For those who might try to dismiss the indictments and sanctions as politically motivated—the US has long been the nemesis of the “socialist revolution” in Venezuela—there’s also the evidence. Like the Air France flight that landed in Paris on September 10, 2013, with some 1.3 tons of cocaine on board (estimated street value: $270 million). The flight departed from Venezuela’s international airport in Caracas, where Venezuela’s Bolivarian National Guard (GNB) is responsible for providing security. The embarrassing incident resulted in the arrest of a number of military personnel including a first lieutenant from the Guard’s anti-drug unit, according to subsequent reports.

And then there were the nephews of the First Lady (yes, President Maduro’s wife), Celia Flores. Efrain Antonio Campo Flores and Francisco Flores de Freitas were apprehended by the US Drug Enforcement Administration (DEA) in Haiti in late 2015 as they attempted to seal a deal to smuggle 800 kilograms of cocaine into the United States.
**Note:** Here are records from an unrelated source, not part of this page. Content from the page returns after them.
(* Let $L$ be a finite commutative C-loop. Then $L$ is (isomorphic to, via $(u,v)\mapsto uv$) the direct product $U\times V$, where $U=\{x\in L: |x|\text{ is a power of }2\}$ and $V=\{x\in L: |x|\text{ is odd}\}$; here $V$ is a commutative group and $U$ is a commutative C-loop in which every element has order a power of $2$. Consequently every finite commutative C-loop is a direct product of a finite commutative group and a finite commutative $2$-C-loop.
   Context: A C-loop is a loop satisfying $x(y(yz))=((xy)y)z$ for all $x,y,z$; C-loops are power associative and $|x|$ denotes the order of $x$, the least $n>0$ with $x^n=e$. A $2$-loop is a finite power associative loop of exponent $2^s$ for some $s$ (every element has order a power of $2$). *)

theory Defs
  imports Main
begin

definition loop :: "'a set \<Rightarrow> ('a \<Rightarrow> 'a \<Rightarrow> 'a) \<Rightarrow> 'a \<Rightarrow> bool" where
  "loop L m e \<longleftrightarrow> e \<in> L \<and> (\<forall>x\<in>L. \<forall>y\<in>L. m x y \<in> L)
     \<and> (\<forall>x\<in>L. m e x = x \<and> m x e = x)
     \<and> (\<forall>a\<in>L. \<forall>b\<in>L. \<exists>!x. x \<in> L \<and> m a x = b)
     \<and> (\<forall>a\<in>L. \<forall>b\<in>L. \<exists>!y. y \<in> L \<and> m y a = b)"

definition commutative_on :: "'a set \<Rightarrow> ('a \<Rightarrow> 'a \<Rightarrow> 'a) \<Rightarrow> bool" where
  "commutative_on L m \<longleftrightarrow> (\<forall>x\<in>L. \<forall>y\<in>L. m x y = m y x)"

definition C_loop :: "'a set \<Rightarrow> ('a \<Rightarrow> 'a \<Rightarrow> 'a) \<Rightarrow> 'a \<Rightarrow> bool" where
  "C_loop L m e \<longleftrightarrow> loop L m e \<and>
     (\<forall>x\<in>L. \<forall>y\<in>L. \<forall>z\<in>L. m x (m y (m y z)) = m (m (m x y) y) z)"

definition group_loop :: "'a set \<Rightarrow> ('a \<Rightarrow> 'a \<Rightarrow> 'a) \<Rightarrow> 'a \<Rightarrow> bool" where
  "group_loop L m e \<longleftrightarrow> loop L m e \<and>
     (\<forall>x\<in>L. \<forall>y\<in>L. \<forall>z\<in>L. m (m x y) z = m x (m y z))"

text \<open>Powers (C-loops are power associative, so the bracketing does not matter).\<close>
fun lpow :: "('a \<Rightarrow> 'a \<Rightarrow> 'a) \<Rightarrow> 'a \<Rightarrow> 'a \<Rightarrow> nat \<Rightarrow> 'a" where
  "lpow m e x 0 = e"
| "lpow m e x (Suc n) = m x (lpow m e x n)"

definition elem_ord :: "('a \<Rightarrow> 'a \<Rightarrow> 'a) \<Rightarrow> 'a \<Rightarrow> 'a \<Rightarrow> nat" where
  "elem_ord m e x = (LEAST n. n > 0 \<and> lpow m e x n = e)"

end

theory Submission
  imports Defs "HOL-Computational_Algebra.Primes"
begin

text \<open>
  Putting x = e in the C-law gives the left alternative law y (y z) = (y y) z, and with
  commutativity the inverse property. From these, every square x x lies in the nucleus. Hence
  powers associate, since x^(2k+j) = (x x)^k x^j; moreover (x y)^2 = x^2 y^2, and an element of odd
  order 2k+1 equals (x x)^(k+1) and so is nuclear. Therefore the elements of 2-power order and
  those of odd order are both closed under products and inverses, the latter inside the nucleus,
  where they form an abelian group; the two sets meet only in e. A Bezout relation between the
  2-part and the odd part of |x| splits x as a product, and the splitting is unique and
  multiplicative because the odd factors are nuclear.
\<close>

locale comm_C_loop =
  fixes L :: "'a set" and m :: "'a \<Rightarrow> 'a \<Rightarrow> 'a" and e :: 'a
  assumes C_loop: "C_loop L m e" and commutative: "commutative_on L m"
begin

lemma unit_closed: "e \<in> L"
  and mult_closed: "x \<in> L \<Longrightarrow> y \<in> L \<Longrightarrow> m x y \<in> L"
  and left_unit: "x \<in> L \<Longrightarrow> m e x = x"
  and right_unit: "x \<in> L \<Longrightarrow> m x e = x"
  and left_division: "a \<in> L \<Longrightarrow> b \<in> L \<Longrightarrow> \<exists>!x. x \<in> L \<and> m a x = b"
  using C_loop unfolding C_loop_def loop_def by simp_all

lemma commute: "x \<in> L \<Longrightarrow> y \<in> L \<Longrightarrow> m x y = m y x"
  using commutative unfolding commutative_on_def by blast

lemma C_law: "x \<in> L \<Longrightarrow> y \<in> L \<Longrightarrow> z \<in> L \<Longrightarrow> m x (m y (m y z)) = m (m (m x y) y) z"
  using C_loop unfolding C_loop_def by blast

lemma left_cancel: "a \<in> L \<Longrightarrow> x \<in> L \<Longrightarrow> y \<in> L \<Longrightarrow> m a x = m a y \<Longrightarrow> x = y"
  using left_division[of a "m a x"] mult_closed by auto

lemma left_alternative: "y \<in> L \<Longrightarrow> z \<in> L \<Longrightarrow> m y (m y z) = m (m y y) z"
  using C_law[of e y z] unit_closed left_unit mult_closed by simp

definition loop_inv :: "'a \<Rightarrow> 'a" where
  "loop_inv x = (THE y. y \<in> L \<and> m x y = e)"

lemma inv_closed: "x \<in> L \<Longrightarrow> loop_inv x \<in> L"
  and right_inverse: "x \<in> L \<Longrightarrow> m x (loop_inv x) = e"
  using theI'[OF left_division[OF _ unit_closed]] unfolding loop_inv_def by blast+

lemma inv_unique:
  assumes "x \<in> L" and "y \<in> L" and "m x y = e"
  shows "loop_inv x = y"
  using left_cancel[of x "loop_inv x" y] inv_closed right_inverse assms by simp

lemma mult_inv_cancel_right:
  assumes w: "w \<in> L" and y: "y \<in> L"
  shows "m (m w y) (loop_inv y) = w"
proof -
  obtain x where x: "x \<in> L" and "m y x = w" using left_division[OF y w] by blast
  then have xy: "m x y = w" using commute y by simp
  have "m x (m y (m y (loop_inv y))) = m (m (m x y) y) (loop_inv y)"
    using C_law x y inv_closed by blast
  then show ?thesis using xy x y right_inverse right_unit by simp
qed

lemma mult_inv_cancel_left:
  assumes w: "w \<in> L" and y: "y \<in> L"
  shows "m (loop_inv y) (m y w) = w"
proof -
  have "m (loop_inv y) (m y w) = m (m w y) (loop_inv y)"
    using commute[OF inv_closed[OF y] mult_closed[OF y w]] commute[OF y w] by simp
  then show ?thesis using mult_inv_cancel_right[OF w y] by simp
qed

lemma left_inverse: "x \<in> L \<Longrightarrow> m (loop_inv x) x = e"
  using commute inv_closed right_inverse by metis

lemma inv_inv: "x \<in> L \<Longrightarrow> loop_inv (loop_inv x) = x"
  using inv_unique inv_closed left_inverse by blast

lemma inv_unit: "loop_inv e = e"
  using inv_unique unit_closed right_unit by blast

lemma inv_mult:
  assumes x: "x \<in> L" and y: "y \<in> L"
  shows "loop_inv (m x y) = m (loop_inv x) (loop_inv y)"
proof -
  define z where "z = m x y"
  have z: "z \<in> L" using z_def mult_closed x y by simp
  have "m y (loop_inv z) = loop_inv x"
    using mult_inv_cancel_left[OF y x] mult_inv_cancel_right[OF inv_closed[OF x] z] z_def by simp
  then have "loop_inv z = m (loop_inv y) (loop_inv x)" using mult_inv_cancel_left[OF inv_closed[OF z] y] by simp
  then show ?thesis using z_def commute inv_closed x y by simp
qed

definition nucleus :: "'a set" where
  "nucleus = {a \<in> L. \<forall>p\<in>L. \<forall>q\<in>L. m (m a p) q = m a (m p q)}"

lemma nucleus_subset: "nucleus \<subseteq> L"
  unfolding nucleus_def by blast

lemma nucleus_assoc_left: "a \<in> nucleus \<Longrightarrow> p \<in> L \<Longrightarrow> q \<in> L \<Longrightarrow> m (m a p) q = m a (m p q)"
  unfolding nucleus_def by blast

lemma nucleus_assoc_middle:
  assumes a: "a \<in> nucleus" and p: "p \<in> L" and q: "q \<in> L"
  shows "m (m p a) q = m p (m a q)"
proof -
  have aL: "a \<in> L" using a nucleus_subset by blast
  have "m (m p a) q = m a (m p q)" using commute[OF p aL] nucleus_assoc_left[OF a p q] by simp
  also have "\<dots> = m (m a q) p" using commute[OF p q] nucleus_assoc_left[OF a q p] by simp
  also have "\<dots> = m p (m a q)" using commute[OF mult_closed[OF aL q] p] .
  finally show ?thesis .
qed

lemma nucleus_assoc_right:
  assumes a: "a \<in> nucleus" and p: "p \<in> L" and q: "q \<in> L"
  shows "m (m p q) a = m p (m q a)"
proof -
  have aL: "a \<in> L" using a nucleus_subset by blast
  have "m (m p q) a = m (m a p) q"
    using commute[OF mult_closed[OF p q] aL] nucleus_assoc_left[OF a p q] by simp
  also have "\<dots> = m p (m q a)"
    using commute[OF p aL] commute[OF aL q] nucleus_assoc_middle[OF a p q] by simp
  finally show ?thesis .
qed

lemma middle_nucleus_imp_nucleus:
  assumes a: "a \<in> L" and middle: "\<And>x z. x \<in> L \<Longrightarrow> z \<in> L \<Longrightarrow> m (m x a) z = m x (m a z)"
  shows "a \<in> nucleus"
  unfolding nucleus_def
proof (intro CollectI conjI a ballI)
  fix p q assume p: "p \<in> L" and q: "q \<in> L"
  define x where "x = m (loop_inv p) (loop_inv a)"
  have x: "x \<in> L" using x_def mult_closed inv_closed a p by simp
  have xa: "m x a = loop_inv p"
    using mult_inv_cancel_right[OF inv_closed[OF p] inv_closed[OF a]] inv_inv[OF a] x_def by simp
  have "loop_inv x = m p a" using x_def inv_mult inv_closed inv_inv a p by simp
  then have "m (m a p) (m x (m a (m p q))) = m a (m p q)"
    using mult_inv_cancel_left[OF mult_closed[OF a mult_closed[OF p q]] x] commute[OF a p] by simp
  moreover have "m x (m a (m p q)) = q"
    using middle[OF x mult_closed[OF p q]] xa mult_inv_cancel_left[OF q p] by simp
  ultimately show "m (m a p) q = m a (m p q)" by simp
qed

lemma square_in_nucleus:
  assumes x: "x \<in> L"
  shows "m x x \<in> nucleus"
proof (rule middle_nucleus_imp_nucleus)
  show "m x x \<in> L" using mult_closed[OF x x] .
  fix y z assume y: "y \<in> L" and z: "z \<in> L"
  have "m (m y x) x = m x (m x y)" using commute[OF mult_closed[OF y x] x] commute[OF y x] by simp
  then have "m (m y x) x = m y (m x x)"
    using left_alternative[OF x y] commute[OF mult_closed[OF x x] y] by simp
  then show "m (m y (m x x)) z = m y (m (m x x) z)"
    using C_law[OF y x z] left_alternative[OF x z] by simp
qed

lemma unit_in_nucleus: "e \<in> nucleus"
  unfolding nucleus_def using unit_closed left_unit mult_closed by simp

lemma nucleus_mult_closed:
  assumes a: "a \<in> nucleus" and b: "b \<in> nucleus"
  shows "m a b \<in> nucleus"
  unfolding nucleus_def
proof (intro CollectI conjI ballI)
  have aL: "a \<in> L" and bL: "b \<in> L" using a b nucleus_subset by auto
  show "m a b \<in> L" using mult_closed[OF aL bL] .
  fix p q assume p: "p \<in> L" and q: "q \<in> L"
  have "m (m (m a b) p) q = m (m a (m b p)) q" using nucleus_assoc_left[OF a bL p] by simp
  also have "\<dots> = m a (m b (m p q))"
    using nucleus_assoc_left[OF a mult_closed[OF bL p] q] nucleus_assoc_left[OF b p q] by simp
  also have "\<dots> = m (m a b) (m p q)" using nucleus_assoc_left[OF a bL mult_closed[OF p q]] by simp
  finally show "m (m (m a b) p) q = m (m a b) (m p q)" .
qed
Both were eventually convicted and sentenced to 18 years behind bars for conspiring to import cocaine into the United States.

So rife is the Venezuelan state’s role in drug trafficking in Venezuela that it has a name: The Cartel of the Suns, or Cartel de los Soles, as it is called in Spanish, is an umbrella term for the networks that seem to exist within the military and other state apparatus that aid and abet drug trafficking.



Its members include the former head of the country’s anti-drug trafficking agency, Nestor Reverol, who stands accused by a United States indictment of receiving payments from drug traffickers in exchange for helping them traffic cocaine destined for the US through Venezuela. Reverol “alerted the traffickers to future drug raids or the locations where law enforcement officers in Venezuela were conducting counter-narcotics activities to allow drug traffickers to change the location where they stored drugs or alter drug transportation routes,” amongst other offenses, federal prosecutors said.

Diosdado Cabello, currently a top official in Venezuela’s United Socialist Party and widely regarded as one of the most powerful people in the country, may also be one of the heaviest hitters of the Cartel of the Suns. Cabello was sanctioned by the United States last year; US Treasury Secretary Steven T. Mnuchin said at the time, “We are imposing costs on figures like Diosdado Cabello who exploit their official positions to engage in narcotics trafficking, money laundering, embezzlement of state funds, and other corrupt activities.”

Then there’s Venezuela’s current vice president, Tareck El Aissami, who was also sanctioned for his alleged role in international drug trafficking. “He facilitated shipments of narcotics from Venezuela, to include control over planes that leave from a Venezuelan air base, as well as control of drug routes through the ports in Venezuela,” according to the Unites States Treasury. Last week, El Aissami was named in a US indictment for allegedly violating sanctions.

What Carvajal didn’t dwell on—understandably—as he implicated his former colleagues was his own role in this network, according to at least a couple of indictments against him in the United States. Those documents allege he was paid by Wilber Varela, the leader of part of the North Valley Cartel of Colombia, to aid his drug trafficking activities through Venezuela. After the death of Varela in 2008, Carvajal continued to work with his cartel and other criminal organizations in the same way, and allegedly even sold hundreds of kilos to cocaine to them, prosecutors said.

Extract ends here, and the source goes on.